## PROBLEM
Exactly the lines starting at the line containing "S i \<subseteq>" and ending at the line containing "S (DAnd \<phi>" are to be written out from the listing below, both included.

[RECORDS PROVIDED Boundary: Start]

(* Assume the delay distribution is supported in $\{0,1,\dots,d\}$ for some $d\ge0$, and consider ODAAF run with an arbitrary strictly increasing sequence of positive integers $(n_m)$. For a phase $m$ let $$w_m=\sqrt{\frac{\log(T\tilde\Delta_m^2)}{2n_m}}+\frac{md}{n_m}.$$ Then for any phase $m$ and arm $j$, $$\mathbb{P}\big(j\in\mathcal{A}_m\text{ and }|\bar X_{m,j}-\mu_j|>w_m\big)\le\frac{2}{T\tilde\Delta_m^2}.$$
   Context: Setting (stochastic bandit with delayed, aggregated anonymous feedback): there are $K\ge 2$ arms $\mathcal{A}=\{1,\dots,K\}$. Arm $j$ has a reward distribution $\zeta_j$ supported in $[0,1]$ with mean $\mu_j$. There is a single delay distribution on $\{0,1,2,\dots\}$ common to all arms; $\tau$ denotes a generic random variable with this distribution. The random variables $(R_{l,j},\tau_{l,j})_{l\ge1,j}$ are mutually independent, $R_{l,j}\sim\zeta_j$, $\tau_{l,j}\sim\tau$. If the player chooses arm $J_l$ in round $l$, at the end of round $t$ it observes only $X_t=\sum_{l=1}^t R_{l,J_l}\mathbf{1}\{l+\tau_{l,J_l}=t\}$. The horizon $T$ is known. Algorithm ODAAF with a strictly increasing sequence of positive integers $(n_m)$, $n_0=0$: phases $m=1,2,\dots$ while $t\le T$, tolerance $\tilde\Delta_m=2^{-m}$, $\mathcal{A}_1=\mathcal{A}$, $T_j(0)=\emptyset$. In phase $m$: (1) for each $j\in\mathcal{A}_m$ in a fixed order, set $T_j(m)=T_j(m-1)$ and play $j$ in consecutive rounds, adding each round index to $T_j(m)$, until $|T_j(m)|=n_m$ (stopping at round $T$); (2) compute $\bar X_{m,j}=|T_j(m)|^{-1}\sum_{t\in T_j(m)}X_t$ and set $\mathcal{A}_{m+1}=\{j\in\mathcal{A}_m:\bar X_{m,j}+\tilde\Delta_m\ge\max_{j'\in\mathcal{A}_m}\bar X_{m,j'}\}$; (3) bridge period: pick an arm of $\mathcal{A}_{m+1}$ and play it for $n_m-n_{m-1}$ consecutive rounds; these rounds are not added to any $T_j(m)$ and their observations are discarded. *)

theory Defs
  imports "HOL-Probability.Probability"
begin
(* Let $\Gamma=(\Gamma_i)_{i\in\mathit{Agt}}$ be an agent vocabulary profile with each $\Gamma_i$ finite, let $\varphi_0\in\mathcal{L}^{\mathsf{dyn}}$ and let $S_0=((B_i)_i,V)$ be a state in $\mathbf{S}_\Gamma$. Then $(S_0,\mathbf{S}_\Gamma)\models\varphi_0$ iff the quantified Boolean formula $\exists X_s(\mathrm{desc}_{S_0}(X_s)\wedge tr_s(\varphi_0))$ is true.
   Context: Setting. $\mathit{Agt}=\{1,\dots,n\}$; $\mathit{Atm}$ countably infinite, containing special atoms $\mathsf{rew}_i,\mathsf{pun}_i$. $\mathcal{L}_0$: $\alpha::=p\mid\neg\alpha\mid\alpha\wedge\alpha\mid\triangle_i\alpha$. State $S=((B_i)_i,V)$, $B_i\subseteq\mathcal{L}_0$, $V\subseteq\mathit{Atm}$; $S\models p$ iff $p\in V$, Boolean as usual, $S\models\triangle_i\alpha$ iff $\alpha\in B_i$. $S\mathcal{E}_iS'$ iff $S'\models\alpha$ for all $\alpha\in B_i$; $S\mathcal{A}_iS'$ iff $S'\models\alpha$ for some $\alpha$ with $(\alpha\to\mathsf{rew}_i)\in B_i$; $S\mathcal{R}_iS'$ iff $S'\models\alpha$ for some $\alpha$ with $(\alpha\to\mathsf{pun}_i)\in B_i$. $\mathbf{S}_\Gamma$ is the set of states with $B_i\subseteq\Gamma_i$ for all $i$. Programs $\pi::=+_i\alpha\mid-_i\alpha\mid\pi;\pi\mid\pi\cup\pi\mid?\varphi$; $\mathcal{L}^{\mathsf{dyn}}$: $\varphi::=\alpha\mid\neg\varphi\mid\varphi\wedge\varphi\mid\Box_i\varphi\mid\mathcal{A}_i\varphi\mid\mathcal{R}_i\varphi\mid\mathcal{A}^{\mathsf{real}}_i\varphi\mid\mathcal{R}^{\mathsf{real}}_i\varphi\mid[\pi]\varphi$. For $S\in U$: $(S,U)\models\alpha$ iff $S\models\alpha$; $(S,U)\models\Box_i\varphi$ iff all $S'\in U$ with $S\mathcal{E}_iS'$ satisfy $\varphi$; $(S,U)\models\mathcal{A}_i\varphi$ (resp. $\mathcal{R}_i\varphi$) iff every $S'\in U$ satisfying $\varphi$ has $S\mathcal{A}_iS'$ (resp. $S\mathcal{R}_iS'$); $(S,U)\models\mathcal{A}^{\mathsf{real}}_i\varphi$ (resp. $\mathcal{R}^{\mathsf{real}}_i\varphi$) iff every $S'\in U$ satisfying $\varphi$ with $S\mathcal{E}_iS'$ has $S\mathcal{A}_iS'$ (resp. $S\mathcal{R}_iS'$); $(S,U)\models[\pi]\varphi$ iff every $S'\in U$ with $S\to^U_\pi S'$ satisfies $\varphi$, where $S\to^U_{+_i\alpha}S'$ iff $V'=V$, $B'_i=B_i\cup\{\alpha\}$, $B'_j=B_j$ ($j\ne i$); $S\to^U_{-_i\alpha}S'$ likewise with $B'_i=B_i\setminus\{\alpha\}$; $;$ is composition through some $S''\in U$; $\cup$ is union; $S\to^U_{?\varphi}S'$ iff $S'=S$ and $(S,U)\models\varphi$. Translation. For abstract symbols $s$ and $\beta\in\mathcal{L}_0$ there are QBF variables $x_{\beta,s}$. $X_s$ is the set of variables $x_{\triangle_i\alpha,s}$, $x_{\triangle_i(\alpha\to\mathsf{rew}_i),s}$, $x_{\triangle_i(\alpha\to\mathsf{pun}_i),s}$ for $i\in\mathit{Agt}$, $\alpha\in\Gamma_i$, and $x_{p,s}$ for atoms $p$ occurring in $\Gamma$ or $\varphi_0$; $\forall X_s$/$\exists X_s$ quantify all of them. Macros: $\mathrm{eq}_{\mathrm{prop}}(s,s'):=\bigwedge_p(x_{p,s}\leftrightarrow x_{p,s'})$; $\mathrm{eq}_j(s,s'):=\bigwedge_{\alpha\in\Gamma_j}(x_{\triangle_j\alpha,s}\leftrightarrow x_{\triangle_j\alpha,s'})$; $\mathrm{eq}^{+\alpha}_i(s,s'):=x_{\triangle_i\alpha,s'}\wedge\bigwedge_{\beta\in\Gamma_i,\beta\ne\alpha}(x_{\triangle_i\beta,s}\leftrightarrow x_{\triangle_i\beta,s'})$; $\mathrm{eq}^{-\alpha}_i(s,s'):=\neg x_{\triangle_i\alpha,s'}\wedge\bigwedge_{\beta\in\Gamma_i,\beta\ne\alpha}(x_{\triangle_i\beta,s}\leftrightarrow x_{\triangle_i\beta,s'})$. $tr_s$: $tr_s(p)=x_{p,s}$; $tr_s(\neg\varphi)=\neg tr_s(\varphi)$; $tr_s(\varphi\wedge\psi)=tr_s(\varphi)\wedge tr_s(\psi)$; $tr_s(\triangle_i\alpha)=x_{\triangle_i\alpha,s}$ if $\alpha\in\Gamma_i$, else $\bot$; $tr_s(\Box_i\varphi)=\forall X_{s''}(E_{i,s,s''}\to tr_{s''}(\varphi))$; $tr_s(\mathcal{A}_i\varphi)=\forall X_{s''}(tr_{s''}(\varphi)\to A_{i,s,s''})$; $tr_s(\mathcal{R}_i\varphi)=\forall X_{s''}(tr_{s''}(\varphi)\to R_{i,s,s''})$; $tr_s(\mathcal{A}^{\mathsf{real}}_i\varphi)=\forall X_{s''}(tr_{s''}(\varphi)\wedge E_{i,s,s''}\to A_{i,s,s''})$; $tr_s(\mathcal{R}^{\mathsf{real}}_i\varphi)=\forall X_{s''}(tr_{s''}(\varphi)\wedge E_{i,s,s''}\to R_{i,s,s''})$; $tr_s([\pi]\varphi)=\forall X_{s''}(tr^{\mathrm{prog}}_{s,s''}(\pi)\to tr_{s''}(\varphi))$; where $E_{i,s,s''}:=\bigwedge_{\alpha\in\Gamma_i}(x_{\triangle_i\alpha,s}\to tr_{s''}(\alpha))$, $A_{i,s,s''}:=\bigvee_{(\alpha\to\mathsf{rew}_i)\in\Gamma_i}(x_{\triangle_i(\alpha\to\mathsf{rew}_i),s}\wedge tr_{s''}(\alpha))$, $R_{i,s,s''}:=\bigvee_{(\alpha\to\mathsf{pun}_i)\in\Gamma_i}(x_{\triangle_i(\alpha\to\mathsf{pun}_i),s}\wedge tr_{s''}(\alpha))$. $tr^{\mathrm{prog}}$: $tr^{\mathrm{prog}}_{s,s'}(+_i\alpha)=\bigwedge_{j\ne i}\mathrm{eq}_j(s,s')\wedge\mathrm{eq}^{+\alpha}_i(s,s')\wedge\mathrm{eq}_{\mathrm{prop}}(s,s')$; $tr^{\mathrm{prog}}_{s,s'}(-_i\alpha)=\bigwedge_{j\ne i}\mathrm{eq}_j(s,s')\wedge\mathrm{eq}^{-\alpha}_i(s,s')\wedge\mathrm{eq}_{\mathrm{prop}}(s,s')$; $tr^{\mathrm{prog}}_{s,s'}(\pi_1;\pi_2)=\exists X_{s''}(tr^{\mathrm{prog}}_{s,s''}(\pi_1)\wedge tr^{\mathrm{prog}}_{s'',s'}(\pi_2))$; $tr^{\mathrm{prog}}_{s,s'}(\pi_1\cup\pi_2)=tr^{\mathrm{prog}}_{s,s'}(\pi_1)\vee tr^{\mathrm{prog}}_{s,s'}(\pi_2)$; $tr^{\mathrm{prog}}_{s,s'}(?\varphi)=\bigwedge_j\mathrm{eq}_j(s,s')\wedge\mathrm{eq}_{\mathrm{prop}}(s,s')\wedge tr_s(\varphi)$. In each quantified clause $s''$ is a fresh symbol. Finally $\mathrm{desc}_{S_0}(X_s):=\bigwedge_i(\bigwedge_{\alpha\in B_i}x_{\triangle_i\alpha,s}\wedge\bigwedge_{\alpha\in\Gamma_i\setminus B_i}\neg x_{\triangle_i\alpha,s})\wedge\bigwedge_{p\in V}x_{p,s}\wedge\bigwedge_{p\notin V}\neg x_{p,s}$ (over atoms $p$ with $x_{p,s}\in X_s$). *)

theory Defs
  imports Main
begin

text \<open>Agents: a finite enumerable type 'agt (Agt = UNIV).  Atoms: countably
  infinitely many ordinary atoms plus the special atoms rew_i and pun_i.\<close>

datatype 'agt atm = Atom nat | Rew 'agt | Pun 'agt

datatype 'agt fm0 = Var "'agt atm" | Neg "'agt fm0" | Conj "'agt fm0" "'agt fm0"
  | Tri 'agt "'agt fm0"

definition imp0 :: "'agt fm0 \<Rightarrow> 'agt fm0 \<Rightarrow> 'agt fm0" where
  "imp0 a b = Neg (Conj a (Neg b))"

text \<open>A state: belief bases B_i (one per agent) and a valuation V.\<close>
type_synonym 'agt state = "('agt \<Rightarrow> 'agt fm0 set) \<times> 'agt atm set"

primrec sat0 :: "'agt state \<Rightarrow> 'agt fm0 \<Rightarrow> bool" where
  "sat0 S (Var p) = (p \<in> snd S)"
| "sat0 S (Neg a) = (\<not> sat0 S a)"
| "sat0 S (Conj a b) = (sat0 S a \<and> sat0 S b)"
| "sat0 S (Tri i a) = (a \<in> fst S i)"

definition relE :: "'agt \<Rightarrow> 'agt state \<Rightarrow> 'agt state \<Rightarrow> bool" where
  "relE i S S' = (\<forall>a \<in> fst S i. sat0 S' a)"

definition relA :: "'agt \<Rightarrow> 'agt state \<Rightarrow> 'agt state \<Rightarrow> bool" where
  "relA i S S' = (\<exists>a. imp0 a (Var (Rew i)) \<in> fst S i \<and> sat0 S' a)"

definition relR :: "'agt \<Rightarrow> 'agt state \<Rightarrow> 'agt state \<Rightarrow> bool" where
  "relR i S S' = (\<exists>a. imp0 a (Var (Pun i)) \<in> fst S i \<and> sat0 S' a)"

definition states_Gamma :: "('agt \<Rightarrow> 'agt fm0 list) \<Rightarrow> 'agt state set" where
  "states_Gamma \<Gamma> = {S. \<forall>i. fst S i \<subseteq> set (\<Gamma> i)}"

datatype 'agt dyn = DBase "'agt fm0" | DNeg "'agt dyn" | DAnd "'agt dyn" "'agt dyn"
  | DBox 'agt "'agt dyn" | DA 'agt "'agt dyn" | DR 'agt "'agt dyn"
  | DAreal 'agt "'agt dyn" | DRreal 'agt "'agt dyn" | DProg "'agt prog" "'agt dyn"
and 'agt prog = PAdd 'agt "'agt fm0" | PRem 'agt "'agt fm0" | PSeq "'agt prog" "'agt prog"
  | PChoice "'agt prog" "'agt prog" | PTest "'agt dyn"

primrec sat :: "'agt state set \<Rightarrow> 'agt state \<Rightarrow> 'agt dyn \<Rightarrow> bool"
  and step :: "'agt state set \<Rightarrow> 'agt prog \<Rightarrow> 'agt state \<Rightarrow> 'agt state \<Rightarrow> bool" where
  "sat U S (DBase a) = sat0 S a"
| "sat U S (DNeg \<phi>) = (\<not> sat U S \<phi>)"
| "sat U S (DAnd \<phi> \<psi>) = (sat U S \<phi> \<and> sat U S \<psi>)"
| "sat U S (DBox i \<phi>) = (\<forall>S'\<in>U. relE i S S' \<longrightarrow> sat U S' \<phi>)"
| "sat U S (DA i \<phi>) = (\<forall>S'\<in>U. sat U S' \<phi> \<longrightarrow> relA i S S')"
| "sat U S (DR i \<phi>) = (\<forall>S'\<in>U. sat U S' \<phi> \<longrightarrow> relR i S S')"
| "sat U S (DAreal i \<phi>) = (\<forall>S'\<in>U. sat U S' \<phi> \<and> relE i S S' \<longrightarrow> relA i S S')"
| "sat U S (DRreal i \<phi>) = (\<forall>S'\<in>U. sat U S' \<phi> \<and> relE i S S' \<longrightarrow> relR i S S')"
| "sat U S (DProg \<pi> \<phi>) = (\<forall>S'\<in>U. step U \<pi> S S' \<longrightarrow> sat U S' \<phi>)"
| "step U (PAdd i a) S S' = (snd S' = snd S \<and> fst S' = (fst S)(i := insert a (fst S i)))"
| "step U (PRem i a) S S' = (snd S' = snd S \<and> fst S' = (fst S)(i := fst S i - {a}))"
| "step U (PSeq p q) S S' = (\<exists>S''\<in>U. step U p S S'' \<and> step U q S'' S')"
| "step U (PChoice p q) S S' = (step U p S S' \<or> step U q S S')"
| "step U (PTest \<phi>) S S' = (S' = S \<and> sat U S \<phi>)"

[RECORDS PROVIDED Boundary: End]

## EXERCISE RESULT
  "states_Gamma \<Gamma> = {S. \<forall>i. fst S i \<subseteq> set (\<Gamma> i)}"

datatype 'agt dyn = DBase "'agt fm0" | DNeg "'agt dyn" | DAnd "'agt dyn" "'agt dyn"
  | DBox 'agt "'agt dyn" | DA 'agt "'agt dyn" | DR 'agt "'agt dyn"
  | DAreal 'agt "'agt dyn" | DRreal 'agt "'agt dyn" | DProg "'agt prog" "'agt dyn"
and 'agt prog = PAdd 'agt "'agt fm0" | PRem 'agt "'agt fm0" | PSeq "'agt prog" "'agt prog"
  | PChoice "'agt prog" "'agt prog" | PTest "'agt dyn"

primrec sat :: "'agt state set \<Rightarrow> 'agt state \<Rightarrow> 'agt dyn \<Rightarrow> bool"
  and step :: "'agt state set \<Rightarrow> 'agt prog \<Rightarrow> 'agt state \<Rightarrow> 'agt state \<Rightarrow> bool" where
  "sat U S (DBase a) = sat0 S a"
| "sat U S (DNeg \<phi>) = (\<not> sat U S \<phi>)"
| "sat U S (DAnd \<phi> \<psi>) = (sat U S \<phi> \<and> sat U S \<psi>)"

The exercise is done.